A collection of useful utilities for PyTorch model training, evaluation, and experiment management.

Features

  • Training Loop: Ready-to-use training and evaluation loops with progress tracking
  • Early Stopping: Prevent overfitting with configurable early stopping callback
  • Visualization: Plot training curves and metrics
  • Model Management: Save/load models with metadata and results
  • Configuration: YAML-based configuration management
  • Utilities: Device detection, seed setting, parameter counting
  • Wandb Integration: Comprehensive logging of classification metrics including precision, recall, F1-score, and confusion matrices

Installation

From PyPI (recommended)

pip install pytorch-essentials

With optional Weights & Biases support:

pip install pytorch-essentials[wandb]

For development:

pip install pytorch-essentials[dev]

From source

git clone https://github.com/yourusername/pytorch_essentials.git
cd pytorch_essentials
pip install -e .

Requirements:

  • Python 3.8+
  • PyTorch 2.0+
  • See pyproject.toml for full list of dependencies

Quick Start

Basic Usage

from pytorch_essentials import (
    train, get_device, EarlyStopping,
    plot_loss_curves, set_seeds
)

# Set reproducibility
set_seeds(42)

# Get device
device = get_device()

# Initialize model, optimizer, loss
model = YourModel()
optimizer = torch.optim.Adam(model.parameters(), lr=0.001)
loss_fn = nn.CrossEntropyLoss()

# Optional: Early stopping
early_stopping = EarlyStopping(patience=5, delta=0.001)

# Train
results = train(
    model=model,
    train_dataloader=train_loader,
    val_dataloader=val_loader,
    optimizer=optimizer,
    loss_fn=loss_fn,
    num_epochs=100,
    device=device,
    config=config,
    early_stopping=early_stopping
)

# Visualize results
fig = plot_loss_curves(results)
fig.savefig('training_curves.png')

With Configuration File

Create a config.yaml:

project_name: my_project
hyperparameters:
  learning_rate: 1e-3
  batch_size: 64
  epochs: 100
flags:
  use_subset: false
  save_model: true
  debug: false
  use_wandb: false

Then in your code:

from pytorch_essentials import load_config, print_config

config = load_config('config.yaml')
print_config(config)

Examples

Check the examples/ directory for complete working examples:

  • examples/basic_training.py - Complete MNIST training example
  • examples/config.yaml - Example configuration file

Run the example:

cd examples
python basic_training.py

API Reference

Training Functions

train(model, train_dataloader, val_dataloader, optimizer, loss_fn, num_epochs, device, config, early_stopping=None, scheduler=None)

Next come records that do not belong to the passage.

(* Let $(X,d)$ be a compact metric space, $Z=\Delta_f(X)$, and $F:X\rightrightarrows Z$ a correspondence with nonempty values which is non expansive for $d_{KR}$: for all $x,x'\in X$ and $u\in F(x)$ there exists $u'\in F(x')$ with $d_{KR}(u,u')\le d(x,x')$. Then the mixed extension $\hat F$ is $1$-Lipschitz (non expansive) from $(Z,d_{KR})$ to itself: for all $u_1,u_2\in Z$ and $v_1\in\hat F(u_1)$, there exists $v_2\in\hat F(u_2)$ with $d_{KR}(v_1,v_2)\le d_{KR}(u_1,u_2)$.
   Context: $d_{KR}(u,v)=\sup\{\int f\,du-\int f\,dv:\ f:X\to\mathbb R\ 1\text{-Lipschitz}\}$ is the Kantorovich–Rubinstein distance on Borel probabilities on $X$. $\Delta_f(X)$ is the set of finitely supported probabilities on $X$. The mixed extension is $$\hat F(u)=\Big\{\sum_{x}u(x)f(x):\ f:X\to Z,\ f(x)\in\mathrm{conv}\,F(x)\ \forall x\Big\}.$$ *)

theory Defs
  imports "HOL-Analysis.Analysis"
begin

definition supp :: "('a \<Rightarrow> real) \<Rightarrow> 'a set" where
  "supp u = {x. u x \<noteq> 0}"

definition fsprob :: "'a set \<Rightarrow> ('a \<Rightarrow> real) set" where
  "fsprob X = {u. finite (supp u) \<and> supp u \<subseteq> X \<and> (\<forall>x. 0 \<le> u x) \<and> (\<Sum>x\<in>supp u. u x) = 1}"

definition finteg :: "('a \<Rightarrow> real) \<Rightarrow> ('a \<Rightarrow> real) \<Rightarrow> real" where
  "finteg u f = (\<Sum>x\<in>supp u. u x * f x)"

definition dKR :: "'a::metric_space set \<Rightarrow> ('a \<Rightarrow> real) \<Rightarrow> ('a \<Rightarrow> real) \<Rightarrow> real" where
  "dKR X u v = Sup {finteg u f - finteg v f | f. 1-lipschitz_on X f}"

definition fconv :: "('a \<Rightarrow> real) set \<Rightarrow> ('a \<Rightarrow> real) set" where
  "fconv S = {(\<lambda>y. \<Sum>i\<in>I. c i * g i y) | (I :: nat set) c g.
     finite I \<and> I \<noteq> {} \<and> (\<forall>i\<in>I. 0 \<le> c i \<and> g i \<in> S) \<and> (\<Sum>i\<in>I. c i) = 1}"

definition mixed_ext :: "'a set \<Rightarrow> ('a \<Rightarrow> ('a \<Rightarrow> real) set) \<Rightarrow> ('a \<Rightarrow> real) \<Rightarrow> ('a \<Rightarrow> real) set" where
  "mixed_ext X F u = {(\<lambda>y. \<Sum>x\<in>supp u. u x * f x y) | f. \<forall>x\<in>X. f x \<in> fconv (F x)}"

end

theory Submission
  imports Defs
begin

(*
  Write v1 \<in> mixed_ext X F u1 as a finite mixture v1 = \<Sum>k w k \<mu>k with \<mu>k \<in> F(xk),
  where the weights sitting over each point x add up to u1 x. Take an optimal coupling \<pi>
  of u1 and u2 (transport cost \<le> dKR u1 u2), and split the weight w k over the points x'
  of supp u2 in proportion \<pi>(xk, x') / u1(xk). Replacing each \<mu>k by some \<mu>' \<in> F(x') with
  dKR \<mu>k \<mu>' \<le> dist xk x' yields a mixture v2 \<in> mixed_ext X F u2, and joint convexity of
  dKR gives dKR v1 v2 \<le> \<Sum> \<pi>(x,x') dist x x' \<le> dKR u1 u2.
*)

section \<open>Finitely supported functions as an inner product space\<close>

typedef 'k fsf = "{f :: 'k \<Rightarrow> real. finite {x. f x \<noteq> 0}}" morphisms fs Abs_fsf
  by (rule exI[of _ "\<lambda>_. 0"]) simp

setup_lifting type_definition_fsf

instantiation fsf :: (type) real_vector
begin
lift_definition zero_fsf :: "'a fsf" is "\<lambda>_. 0" by simp
lift_definition plus_fsf :: "'a fsf \<Rightarrow> 'a fsf \<Rightarrow> 'a fsf" is "\<lambda>f g x. f x + g x"
proof -
  fix f g :: "'a \<Rightarrow> real" assume "finite {x. f x \<noteq> 0}" "finite {x. g x \<noteq> 0}"
  then show "finite {x. f x + g x \<noteq> 0}" by (rule finite_subset[rotated, OF finite_UnI]) auto
qed
lift_definition uminus_fsf :: "'a fsf \<Rightarrow> 'a fsf" is "\<lambda>f x. - f x" by simp
lift_definition minus_fsf :: "'a fsf \<Rightarrow> 'a fsf \<Rightarrow> 'a fsf" is "\<lambda>f g x. f x - g x"
proof -
  fix f g :: "'a \<Rightarrow> real" assume "finite {x. f x \<noteq> 0}" "finite {x. g x \<noteq> 0}"
  then show "finite {x. f x - g x \<noteq> 0}" by (rule finite_subset[rotated, OF finite_UnI]) auto
qed
lift_definition scaleR_fsf :: "real \<Rightarrow> 'a fsf \<Rightarrow> 'a fsf" is "\<lambda>r f x. r * f x"
  by (rule finite_subset[rotated]) auto
instance
  by standard (transfer; auto simp: algebra_simps)+
end

lemma fs_zero [simp]: "fs 0 k = 0" by transfer simp
lemma fs_plus [simp]: "fs (f + g) k = fs f k + fs g k" by transfer simp
lemma fs_scaleR [simp]: "fs (r *\<^sub>R g) k = r * fs g k" by transfer simp
lemma fs_sum: "fs (\<Sum>i\<in>I. g i) k = (\<Sum>i\<in>I. fs (g i) k)"
  by (induction I rule: infinite_finite_induct) auto

definition fsupp :: "'a fsf \<Rightarrow> 'a set" where
  "fsupp f = {x. fs f x \<noteq> 0}"

lemma finite_fsupp [simp]: "finite (fsupp f)"
  using fs[of f] by (simp add: fsupp_def)

definition fsf_inner :: "'a fsf \<Rightarrow> 'a fsf \<Rightarrow> real" where
  "fsf_inner f g = (\<Sum>k\<in>fsupp f. fs f k * fs g k)"

lemma fsf_inner_superset:
  assumes "finite A" "fsupp f \<subseteq> A"
  shows "fsf_inner f g = (\<Sum>k\<in>A. fs f k * fs g k)"
  unfolding fsf_inner_def
  by (rule sum.mono_neutral_left) (use assms in \<open>auto simp: fsupp_def\<close>)

instantiation fsf :: (type) real_inner
begin
definition inner_fsf :: "'a fsf \<Rightarrow> 'a fsf \<Rightarrow> real" where "inner_fsf = fsf_inner"
definition norm_fsf :: "'a fsf \<Rightarrow> real" where "norm_fsf f = sqrt (fsf_inner f f)"
definition sgn_fsf :: "'a fsf \<Rightarrow> 'a fsf" where "sgn_fsf f = f /\<^sub>R norm f"
definition dist_fsf :: "'a fsf \<Rightarrow> 'a fsf \<Rightarrow> real" where "dist_fsf f g = norm (f - g)"
definition uniformity_fsf :: "('a fsf \<times> 'a fsf) filter" where
  "uniformity_fsf = (INF e\<in>{0 <..}. principal {(x, y). dist x y < e})"
definition open_fsf :: "'a fsf set \<Rightarrow> bool" where
  "open_fsf U = (\<forall>x\<in>U. eventually (\<lambda>(x', y). x' = x \<longrightarrow> y \<in> U) uniformity)"
instance
proof
  fix x y z :: "'a fsf" and r :: real
  have sym: "fsf_inner f g = fsf_inner g f" for f g :: "'a fsf"
    using fsf_inner_superset[of "fsupp f \<union> fsupp g" f g] fsf_inner_superset[of "fsupp f \<union> fsupp g" g f]
    by (simp add: mult.commute)
  then show "inner x y = inner y x" by (simp add: inner_fsf_def)
  have A: "finite (fsupp x \<union> fsupp y \<union> fsupp z)" by simp
  have B: "fsupp (x + y) \<subseteq> fsupp x \<union> fsupp y \<union> fsupp z" by (auto simp: fsupp_def)
  show "inner (x + y) z = inner x z + inner y z" unfolding inner_fsf_def
    by (subst (1 2 3) fsf_inner_superset[OF A]) (use B in \<open>auto simp: algebra_simps sum.distrib\<close>)
  have C: "fsupp (r *\<^sub>R x) \<subseteq> fsupp x" by (auto simp: fsupp_def)
  show "inner (r *\<^sub>R x) y = r * inner x y" unfolding inner_fsf_def
    by (subst (1 2) fsf_inner_superset[of "fsupp x"])
      (use C in \<open>auto simp: sum_distrib_left algebra_simps\<close>)
  show "0 \<le> inner x x" unfolding inner_fsf_def fsf_inner_def by (auto intro: sum_nonneg)
  show "inner x x = 0 \<longleftrightarrow> x = 0"
  proof
    assume "inner x x = 0"
    then have "\<forall>k\<in>fsupp x. fs x k * fs x k = 0"
      unfolding inner_fsf_def fsf_inner_def by (subst (asm) sum_nonneg_eq_0_iff) auto
    then have "\<forall>k. fs x k = 0" by (auto simp: fsupp_def)
    then show "x = 0" by transfer auto
  qed (simp add: inner_fsf_def fsf_inner_def fsupp_def)
  show "norm x = sqrt (inner x x)" by (simp add: norm_fsf_def inner_fsf_def)
qed (simp_all add: sgn_fsf_def dist_fsf_def uniformity_fsf_def open_fsf_def)
end

lift_definition unit_fsf :: "'a \<Rightarrow> 'a fsf" is "\<lambda>k j. if j = k then 1 else 0"
  by simp

lemma fs_unit_fsf [simp]: "fs (unit_fsf k) j = (if j = k then 1 else 0)"
  by transfer simp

Main training loop with validation.

Returns: Dictionary with training history including:

  • train_loss: List of training losses
  • train_acc: List of training accuracies
  • test_loss: List of validation losses
  • test_acc: List of validation accuracies
  • best_epoch: Best epoch number (if early stopping used)

evaluate_model(model, test_dataloader, loss_fn, device, class_names, log_to_wandb=False)

Evaluate model on test set with confusion matrix and metrics.

Args:

  • log_to_wandb: If True, log all metrics to Weights & Biases including:
    • Test loss and accuracy
    • Precision, recall, F1-score (macro and weighted)
    • Per-class metrics
    • Confusion matrix visualization

Callbacks

EarlyStopping(patience=5, delta=0.01, verbose=True)

Early stopping to prevent overfitting.

Args:

  • patience: Number of epochs to wait for improvement
  • delta: Minimum change to qualify as improvement
  • verbose: Print status messages

Utilities

get_device()

Return best available device (CUDA > MPS > CPU).

save_model(model, fig, results, save_path)

Save model weights, plots, and training results.

count_parameters(model)

Count and display model parameters.

set_seeds(seed=42)

Set random seeds for reproducibility.

load_config(config_path)

Load YAML configuration file.

Visualization

plot_loss_curves(results)

Plot training and validation loss/accuracy curves.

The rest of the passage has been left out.